Exercise directions: Set down exactly the lines of the listing below that begin at the one containing "imports Main" and end at the last line, both included.

*** Block opens ***

(* Let $d$ be a positive integer and let $l,m>90d$ be integers such that $lm$ is even. There is a directed Hamiltonian cycle $c_{l,m}$ on the rectangle $[1,l]\times[1,m]\subseteq\mathbb{Z}^2$ (with adjacency given by unit vectors) with the following features: (1) the cycle traverses, in the clockwise direction, all the edges of the boundary of the rectangle except one; (2) every edge of the cycle at distance greater than $4$ from the boundary of the rectangle is traversed in the direction $\epsilon^1$ if it lies at even distance from the top row $[1,l]\times\{m\}$, and in the direction $-\epsilon^1$ if it lies at odd distance from the top row.
   Context: A directed Hamiltonian cycle on a finite set $V\subseteq\mathbb{Z}^2$ is a cyclic ordering of all vertices of $V$ in which consecutive vertices differ by a unit vector $\pm\epsilon^1,\pm\epsilon^2$, with edges directed from each vertex to its successor. $\epsilon^1=(1,0)$, $\epsilon^2=(0,1)$; "clockwise" refers to the standard orientation of the plane with $\epsilon^2$ pointing up, and the boundary of the rectangle is the cycle formed by its outermost vertices. *)

theory Defs
  imports Main
begin

type_synonym pt = "int \<times> int"

definition rect :: "int \<Rightarrow> int \<Rightarrow> pt set" where
  "rect l m = {1..l} \<times> {1..m}"

definition unit_adj :: "pt \<Rightarrow> pt \<Rightarrow> bool" where
  "unit_adj p q \<longleftrightarrow> \<bar>fst p - fst q\<bar> + \<bar>snd p - snd q\<bar> = 1"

*** Block closes ***

Task result:
  imports Main
begin

type_synonym pt = "int \<times> int"

definition rect :: "int \<Rightarrow> int \<Rightarrow> pt set" where
  "rect l m = {1..l} \<times> {1..m}"

definition unit_adj :: "pt \<Rightarrow> pt \<Rightarrow> bool" where
  "unit_adj p q \<longleftrightarrow> \<bar>fst p - fst q\<bar> + \<bar>snd p - snd q\<bar> = 1"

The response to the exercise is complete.